━━━━━ Data for analysis

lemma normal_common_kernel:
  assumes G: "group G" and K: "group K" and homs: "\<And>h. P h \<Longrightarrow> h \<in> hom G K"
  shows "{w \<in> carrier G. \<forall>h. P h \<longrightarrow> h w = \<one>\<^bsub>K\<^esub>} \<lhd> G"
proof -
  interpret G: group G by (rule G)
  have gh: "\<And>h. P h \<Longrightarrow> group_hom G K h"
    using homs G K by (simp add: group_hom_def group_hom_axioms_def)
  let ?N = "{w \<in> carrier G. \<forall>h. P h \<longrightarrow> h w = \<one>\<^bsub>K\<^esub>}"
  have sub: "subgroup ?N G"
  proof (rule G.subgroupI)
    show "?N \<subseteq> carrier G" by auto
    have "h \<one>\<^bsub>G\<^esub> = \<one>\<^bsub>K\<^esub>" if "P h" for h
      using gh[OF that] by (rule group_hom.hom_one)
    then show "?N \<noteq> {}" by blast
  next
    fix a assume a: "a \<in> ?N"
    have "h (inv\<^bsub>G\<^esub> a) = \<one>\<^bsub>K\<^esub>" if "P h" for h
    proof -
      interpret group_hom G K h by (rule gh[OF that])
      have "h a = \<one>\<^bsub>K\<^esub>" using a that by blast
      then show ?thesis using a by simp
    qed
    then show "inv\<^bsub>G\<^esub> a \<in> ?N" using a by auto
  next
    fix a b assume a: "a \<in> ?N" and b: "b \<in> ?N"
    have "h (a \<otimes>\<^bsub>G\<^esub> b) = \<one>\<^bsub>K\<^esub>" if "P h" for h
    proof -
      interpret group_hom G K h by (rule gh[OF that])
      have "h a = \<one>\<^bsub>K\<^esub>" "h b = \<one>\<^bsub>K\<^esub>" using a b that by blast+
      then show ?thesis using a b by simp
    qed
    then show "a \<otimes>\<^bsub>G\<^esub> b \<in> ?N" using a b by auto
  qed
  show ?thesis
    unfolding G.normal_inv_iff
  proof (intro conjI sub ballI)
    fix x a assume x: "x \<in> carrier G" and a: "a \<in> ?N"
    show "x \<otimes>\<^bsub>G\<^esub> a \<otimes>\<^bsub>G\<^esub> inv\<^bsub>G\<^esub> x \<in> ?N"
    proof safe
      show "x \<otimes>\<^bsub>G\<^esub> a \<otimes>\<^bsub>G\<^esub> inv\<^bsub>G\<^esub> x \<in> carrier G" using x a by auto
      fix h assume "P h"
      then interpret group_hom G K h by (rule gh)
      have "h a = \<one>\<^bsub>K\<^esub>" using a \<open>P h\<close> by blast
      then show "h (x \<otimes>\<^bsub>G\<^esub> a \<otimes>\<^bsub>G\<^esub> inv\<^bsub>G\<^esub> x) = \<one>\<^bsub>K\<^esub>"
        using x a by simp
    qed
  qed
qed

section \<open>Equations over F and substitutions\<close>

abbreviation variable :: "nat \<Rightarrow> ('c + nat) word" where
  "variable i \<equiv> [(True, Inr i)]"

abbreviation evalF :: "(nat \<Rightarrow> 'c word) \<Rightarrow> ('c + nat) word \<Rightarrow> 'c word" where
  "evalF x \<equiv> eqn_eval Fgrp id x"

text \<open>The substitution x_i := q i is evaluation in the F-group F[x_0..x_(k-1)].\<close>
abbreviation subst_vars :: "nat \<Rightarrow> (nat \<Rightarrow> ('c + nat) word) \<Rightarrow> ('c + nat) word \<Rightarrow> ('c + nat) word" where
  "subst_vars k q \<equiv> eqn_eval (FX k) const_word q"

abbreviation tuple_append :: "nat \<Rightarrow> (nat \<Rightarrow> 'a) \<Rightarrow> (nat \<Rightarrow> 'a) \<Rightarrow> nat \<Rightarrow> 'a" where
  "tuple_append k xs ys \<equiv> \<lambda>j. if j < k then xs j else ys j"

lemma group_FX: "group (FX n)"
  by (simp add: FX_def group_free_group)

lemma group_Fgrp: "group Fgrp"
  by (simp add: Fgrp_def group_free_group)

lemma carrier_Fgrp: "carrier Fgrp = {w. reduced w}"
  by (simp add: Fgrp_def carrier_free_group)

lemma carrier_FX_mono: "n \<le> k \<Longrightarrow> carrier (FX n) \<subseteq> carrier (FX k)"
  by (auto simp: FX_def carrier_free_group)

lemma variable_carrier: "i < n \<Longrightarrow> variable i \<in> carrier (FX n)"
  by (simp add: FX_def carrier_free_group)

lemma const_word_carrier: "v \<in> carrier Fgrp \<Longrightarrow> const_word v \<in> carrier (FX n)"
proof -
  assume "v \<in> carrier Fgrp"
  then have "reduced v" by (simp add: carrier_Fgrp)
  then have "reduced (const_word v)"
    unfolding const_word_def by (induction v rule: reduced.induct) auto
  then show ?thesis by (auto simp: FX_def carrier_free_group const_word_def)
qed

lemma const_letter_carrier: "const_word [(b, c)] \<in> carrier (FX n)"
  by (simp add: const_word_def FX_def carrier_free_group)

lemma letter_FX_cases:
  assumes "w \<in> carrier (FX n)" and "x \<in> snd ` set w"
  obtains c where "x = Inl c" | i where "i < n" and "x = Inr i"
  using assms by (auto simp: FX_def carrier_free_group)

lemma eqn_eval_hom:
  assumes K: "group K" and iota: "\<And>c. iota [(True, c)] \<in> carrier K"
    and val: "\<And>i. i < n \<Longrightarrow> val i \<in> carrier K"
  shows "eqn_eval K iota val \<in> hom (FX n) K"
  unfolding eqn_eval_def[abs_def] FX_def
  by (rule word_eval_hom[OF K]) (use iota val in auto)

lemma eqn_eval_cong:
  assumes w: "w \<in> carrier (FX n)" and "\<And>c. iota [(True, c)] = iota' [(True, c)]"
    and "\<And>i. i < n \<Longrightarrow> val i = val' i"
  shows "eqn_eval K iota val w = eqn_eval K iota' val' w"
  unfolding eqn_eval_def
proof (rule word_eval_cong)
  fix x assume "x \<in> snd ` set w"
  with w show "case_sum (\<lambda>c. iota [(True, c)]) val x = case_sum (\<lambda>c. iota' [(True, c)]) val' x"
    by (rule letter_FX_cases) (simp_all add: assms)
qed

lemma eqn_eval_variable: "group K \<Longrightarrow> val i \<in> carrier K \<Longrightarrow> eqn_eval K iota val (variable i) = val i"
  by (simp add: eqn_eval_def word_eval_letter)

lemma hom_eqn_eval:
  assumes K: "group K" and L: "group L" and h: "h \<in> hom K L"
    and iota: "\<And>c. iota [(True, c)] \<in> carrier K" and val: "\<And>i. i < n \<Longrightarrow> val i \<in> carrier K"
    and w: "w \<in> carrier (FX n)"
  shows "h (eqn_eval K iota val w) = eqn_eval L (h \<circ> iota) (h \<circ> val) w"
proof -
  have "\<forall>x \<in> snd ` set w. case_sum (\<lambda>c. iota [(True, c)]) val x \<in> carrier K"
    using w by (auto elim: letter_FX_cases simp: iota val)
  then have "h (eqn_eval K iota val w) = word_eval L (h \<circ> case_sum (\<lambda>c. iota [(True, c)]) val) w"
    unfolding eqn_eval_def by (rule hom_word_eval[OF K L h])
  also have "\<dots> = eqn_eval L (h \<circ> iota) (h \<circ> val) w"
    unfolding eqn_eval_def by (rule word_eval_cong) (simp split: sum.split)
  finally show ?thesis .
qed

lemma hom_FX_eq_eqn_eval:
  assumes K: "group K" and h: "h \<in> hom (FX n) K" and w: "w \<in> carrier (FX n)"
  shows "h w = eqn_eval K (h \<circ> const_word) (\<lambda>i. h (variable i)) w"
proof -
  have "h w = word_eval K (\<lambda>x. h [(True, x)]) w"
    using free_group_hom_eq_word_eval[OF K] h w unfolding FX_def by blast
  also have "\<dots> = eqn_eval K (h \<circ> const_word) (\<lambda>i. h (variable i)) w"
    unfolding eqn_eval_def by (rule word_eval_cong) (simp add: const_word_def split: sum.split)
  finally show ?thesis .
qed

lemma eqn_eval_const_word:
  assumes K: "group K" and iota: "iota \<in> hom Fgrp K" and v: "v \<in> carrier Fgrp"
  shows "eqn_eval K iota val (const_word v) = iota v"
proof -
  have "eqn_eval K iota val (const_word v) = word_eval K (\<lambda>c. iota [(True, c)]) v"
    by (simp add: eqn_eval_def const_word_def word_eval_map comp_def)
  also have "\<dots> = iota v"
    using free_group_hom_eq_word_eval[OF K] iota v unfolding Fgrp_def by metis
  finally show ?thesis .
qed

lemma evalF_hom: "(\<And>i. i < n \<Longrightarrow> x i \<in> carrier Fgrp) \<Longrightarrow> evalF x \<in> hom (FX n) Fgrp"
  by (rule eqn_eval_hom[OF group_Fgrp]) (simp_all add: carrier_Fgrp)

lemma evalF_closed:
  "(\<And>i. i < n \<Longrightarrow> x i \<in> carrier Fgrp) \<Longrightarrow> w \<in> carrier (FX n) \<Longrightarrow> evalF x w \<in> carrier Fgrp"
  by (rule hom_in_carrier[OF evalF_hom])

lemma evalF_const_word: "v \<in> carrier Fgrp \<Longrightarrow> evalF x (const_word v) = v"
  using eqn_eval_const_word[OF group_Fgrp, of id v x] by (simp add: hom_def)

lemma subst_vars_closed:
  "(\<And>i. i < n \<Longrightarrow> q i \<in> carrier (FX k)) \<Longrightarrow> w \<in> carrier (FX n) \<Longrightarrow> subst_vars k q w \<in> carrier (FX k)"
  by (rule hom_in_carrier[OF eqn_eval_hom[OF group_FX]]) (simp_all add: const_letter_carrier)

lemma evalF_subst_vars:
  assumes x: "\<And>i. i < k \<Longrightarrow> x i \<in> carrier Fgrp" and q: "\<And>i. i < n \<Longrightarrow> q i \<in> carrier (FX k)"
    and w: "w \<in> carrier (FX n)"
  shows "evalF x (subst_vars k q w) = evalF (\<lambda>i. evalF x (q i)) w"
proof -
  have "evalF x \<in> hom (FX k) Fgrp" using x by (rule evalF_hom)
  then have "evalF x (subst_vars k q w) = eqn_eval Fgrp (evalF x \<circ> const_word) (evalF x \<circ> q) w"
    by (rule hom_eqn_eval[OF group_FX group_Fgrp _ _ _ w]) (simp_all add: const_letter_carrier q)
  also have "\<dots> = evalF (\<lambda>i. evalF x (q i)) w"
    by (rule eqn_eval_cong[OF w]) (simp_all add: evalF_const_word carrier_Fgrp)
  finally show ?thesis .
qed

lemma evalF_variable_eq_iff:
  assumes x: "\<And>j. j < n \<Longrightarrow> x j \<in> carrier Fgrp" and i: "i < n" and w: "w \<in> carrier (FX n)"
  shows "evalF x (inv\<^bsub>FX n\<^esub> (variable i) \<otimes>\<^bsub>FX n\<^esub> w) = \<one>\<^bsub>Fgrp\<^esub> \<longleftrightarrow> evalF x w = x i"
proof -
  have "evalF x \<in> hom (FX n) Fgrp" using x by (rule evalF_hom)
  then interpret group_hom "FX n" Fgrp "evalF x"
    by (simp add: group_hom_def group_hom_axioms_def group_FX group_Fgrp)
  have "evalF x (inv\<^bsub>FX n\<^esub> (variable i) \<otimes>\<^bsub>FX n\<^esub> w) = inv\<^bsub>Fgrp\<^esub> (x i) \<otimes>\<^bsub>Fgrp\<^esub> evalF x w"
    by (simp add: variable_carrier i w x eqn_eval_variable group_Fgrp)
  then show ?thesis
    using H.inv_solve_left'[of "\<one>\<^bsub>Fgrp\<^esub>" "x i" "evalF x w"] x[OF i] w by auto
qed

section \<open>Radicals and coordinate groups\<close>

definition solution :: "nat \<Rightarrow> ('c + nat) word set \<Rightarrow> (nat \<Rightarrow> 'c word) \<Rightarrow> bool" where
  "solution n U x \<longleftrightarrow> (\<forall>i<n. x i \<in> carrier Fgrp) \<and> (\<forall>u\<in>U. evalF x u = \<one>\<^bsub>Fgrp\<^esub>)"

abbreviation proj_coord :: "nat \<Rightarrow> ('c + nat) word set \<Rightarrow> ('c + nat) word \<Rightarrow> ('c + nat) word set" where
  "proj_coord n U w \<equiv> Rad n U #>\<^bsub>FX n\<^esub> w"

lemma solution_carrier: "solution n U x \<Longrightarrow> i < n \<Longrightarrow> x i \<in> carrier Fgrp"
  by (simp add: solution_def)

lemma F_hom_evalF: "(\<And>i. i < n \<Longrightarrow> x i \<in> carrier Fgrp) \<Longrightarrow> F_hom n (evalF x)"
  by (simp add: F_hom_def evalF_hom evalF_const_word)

━━━━━━━━━━

_Work to be completed_: Using the entries above, work out how many lines contain the string "shows". Respond with that number alone.

_Written response_: 8